# Bombing



## greenstreak1946 (May 28, 2017)

Moderator Note: Link to news story Here.

I see where they bombed the south Seas Mall in Cotabato on Mindanao Island. I think 3 dead and several injured. People saw a box left by someone before it blew up. Sad the world is like this. I should be in Davao city in about a month. 

Art


----------



## Ram1957 (Oct 14, 2014)

greenstreak1946 said:


> I see where they bombed the south Seas Mall in Cotabato on Mindanao Island. I think 3 dead and several injured. People saw a box left by someone before it blew up. Sad the world is like this. I should be in Davao city in about a month.
> 
> Art


Terrorism is nothing new in the Southern part of the Philippines. It has been going on since the 1970s and the US State Department has considered it as a security risk for US Citizens as far back as the 1970s. https://en.wikipedia.org/wiki/Terrorism_in_the_Philippines


----------



## M.C.A. (Feb 24, 2013)

Every Blue Moon I hear about another bombing at a mall, market or bus station in Mindanao they try for the most death and damage in crowded area's.


----------



## hogrider (May 25, 2010)

M.C.A. said:


> Every Blue Moon I hear about another bombing at a mall, market or bus station in Mindanao they try for the most death and damage in crowded area's.

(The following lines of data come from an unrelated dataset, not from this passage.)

(* Let $k \geq 2$ and let $G_k=(V_k,E_k)$ be the bipartite graph with vertex set $V_k=\{x,y\}\cup \{u_i,v_i \mid 1\leq i\leq 2k-2\}$ and edge set $E_k=\{\{x,y\}\}\cup\{\{x,u_{2j-1}\},\{x,v_{2j-1}\} \mid 1 \leq j\leq k-1\}$. Let $G$ be a graph that contains $G_k$ as an induced subgraph, and let $t$ be the minimum integer for which $G$ is a $t$-interval-PCG, i.e. $G=t\textnormal{-}PCG(T,I_1,\ldots, I_t)$ for some edge-weighted tree $T$ and disjoint intervals $I_1,\ldots,I_t$. For $1\leq i\leq 2k-2$, write $[u_i,v_i]$ for the vertex set $\{u_i, u_{i+1}, \ldots, u_{2k-2}, y, v_{2k-2}, v_{2k-3},\ldots, v_i\}$. If for each $i$, $1\leq i\leq 2k-2$, the path $P_T(u_i,v_i)$ is the longest path in $T_{[u_i,v_i]}$, then $t\geq k$.
   Context: All trees are unrooted with edges weighted by nonnegative reals. For leaves $u,v$ of a tree $T$, $P_T(u,v)$ is the unique path between them and $d_T(u,v)$ the sum of its edge weights; for a set $L$ of leaves, $T_L$ is the minimal subtree of $T$ containing $L$. Given a tree $T$ and $k\ge1$ disjoint intervals $I_1,\ldots,I_k$ of nonnegative reals, $k\textnormal{-}PCG(T,I_1,\ldots,I_k)$ (a $k$-interval-PCG, or multi-interval PCG) is the graph whose vertex set is the leaf set of $T$ and in which $\{u,v\}$ is an edge iff $d_T(u,v)\in I_i$ for some $i$, $1\le i\le k$. *)

theory Defs
  imports Main Complex_Main
begin

definition is_path :: "'a set set \<Rightarrow> 'a list \<Rightarrow> bool" where
  "is_path E p \<longleftrightarrow> p \<noteq> [] \<and> distinct p \<and>
     (\<forall>i. Suc i < length p \<longrightarrow> {p ! i, p ! Suc i} \<in> E)"

definition is_tree :: "'a set \<Rightarrow> 'a set set \<Rightarrow> bool" where
  "is_tree V E \<longleftrightarrow> finite V \<and> V \<noteq> {} \<and>
     (\<forall>e\<in>E. \<exists>u v. u \<noteq> v \<and> u \<in> V \<and> v \<in> V \<and> e = {u, v}) \<and>
     (\<forall>u\<in>V. \<forall>v\<in>V. \<exists>!p. is_path E p \<and> hd p = u \<and> last p = v)"

definition leaves :: "'a set \<Rightarrow> 'a set set \<Rightarrow> 'a set" where
  "leaves V E = {v \<in> V. card {e \<in> E. v \<in> e} = 1}"

definition path_weight :: "('a set \<Rightarrow> real) \<Rightarrow> 'a list \<Rightarrow> real" where
  "path_weight w p = (\<Sum>i\<leftarrow>[0..<length p - 1]. w {p ! i, p ! Suc i})"

definition tpath :: "'a set set \<Rightarrow> 'a \<Rightarrow> 'a \<Rightarrow> 'a list" where
  "tpath E u v = (THE p. is_path E p \<and> hd p = u \<and> last p = v)"

definition tdist :: "'a set set \<Rightarrow> ('a set \<Rightarrow> real) \<Rightarrow> 'a \<Rightarrow> 'a \<Rightarrow> real" where
  "tdist E w u v = path_weight w (tpath E u v)"

text \<open>Vertex set of the minimal subtree T_L containing the leaf set L.\<close>
definition span_vertices :: "'a set set \<Rightarrow> 'a set \<Rightarrow> 'a set" where
  "span_vertices E L = (\<Union>a\<in>L. \<Union>b\<in>L. set (tpath E a b))"

definition valid_intervals :: "(nat \<Rightarrow> real set) \<Rightarrow> nat \<Rightarrow> bool" where
  "valid_intervals I t \<longleftrightarrow>
     (\<forall>i<t. I i \<noteq> {} \<and> I i \<subseteq> {0..} \<and>
        (\<forall>a\<in>I i. \<forall>c\<in>I i. \<forall>b. a \<le> b \<and> b \<le> c \<longrightarrow> b \<in> I i)) \<and>
     (\<forall>i<t. \<forall>j<t. i \<noteq> j \<longrightarrow> I i \<inter> I j = {})"

definition pcg_edges :: "'a set \<Rightarrow> 'a set set \<Rightarrow> ('a set \<Rightarrow> real) \<Rightarrow> (nat \<Rightarrow> real set) \<Rightarrow> nat \<Rightarrow> 'a set set" where
  "pcg_edges V E w I t = {{u, v} | u v. u \<in> leaves V E \<and> v \<in> leaves V E \<and> u \<noteq> v \<and>
       (\<exists>i<t. tdist E w u v \<in> I i)}"

definition is_multi_PCG_rep :: "'a set \<Rightarrow> 'a set set \<Rightarrow> nat \<Rightarrow> 'a set \<Rightarrow> 'a set set \<Rightarrow> ('a set \<Rightarrow> real) \<Rightarrow> (nat \<Rightarrow> real set) \<Rightarrow> bool" where
  "is_multi_PCG_rep VG EG t V E w I \<longleftrightarrow> t \<ge> 1 \<and> is_tree V E \<and> (\<forall>e\<in>E. w e \<ge> 0) \<and>
     valid_intervals I t \<and> VG = leaves V E \<and> EG = pcg_edges V E w I t"

definition is_multi_PCG :: "'a set \<Rightarrow> 'a set set \<Rightarrow> nat \<Rightarrow> bool" where
  "is_multi_PCG VG EG t \<longleftrightarrow> (\<exists>V E w I. is_multi_PCG_rep VG EG t V E w I)"

datatype gk_vertex = X | Y | U nat | W nat  \<comment> \<open>W i stands for v_i\<close>

definition Gk_verts :: "nat \<Rightarrow> gk_vertex set" where
  "Gk_verts k = {X, Y} \<union> U ` {1..2*k-2} \<union> W ` {1..2*k-2}"

definition Gk_edges :: "nat \<Rightarrow> gk_vertex set set" where
  "Gk_edges k = {{X, Y}} \<union> {{X, U (2*j-1)} | j. 1 \<le> j \<and> j \<le> k-1}
                         \<union> {{X, W (2*j-1)} | j. 1 \<le> j \<and> j \<le> k-1}"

Don't forget Manchester Arena 2017, 22 dead and 800 injured. Philippines is not alone in having to deal with terrorists.


----------



## greenstreak1946 (May 28, 2017)

hey hogrider----I agree with you about other countries with a lot of bombing going on. Look at the problems in France. Heck America will become a bombing place if the democrats have their way. 

I have lived on Mindanao before. Sure I wouldn't move to the mountains next to the terrorist but I find the island mostly safe. I never walk at dark or go by myself down a back alley. Stupidity gets people into trouble.

art


----------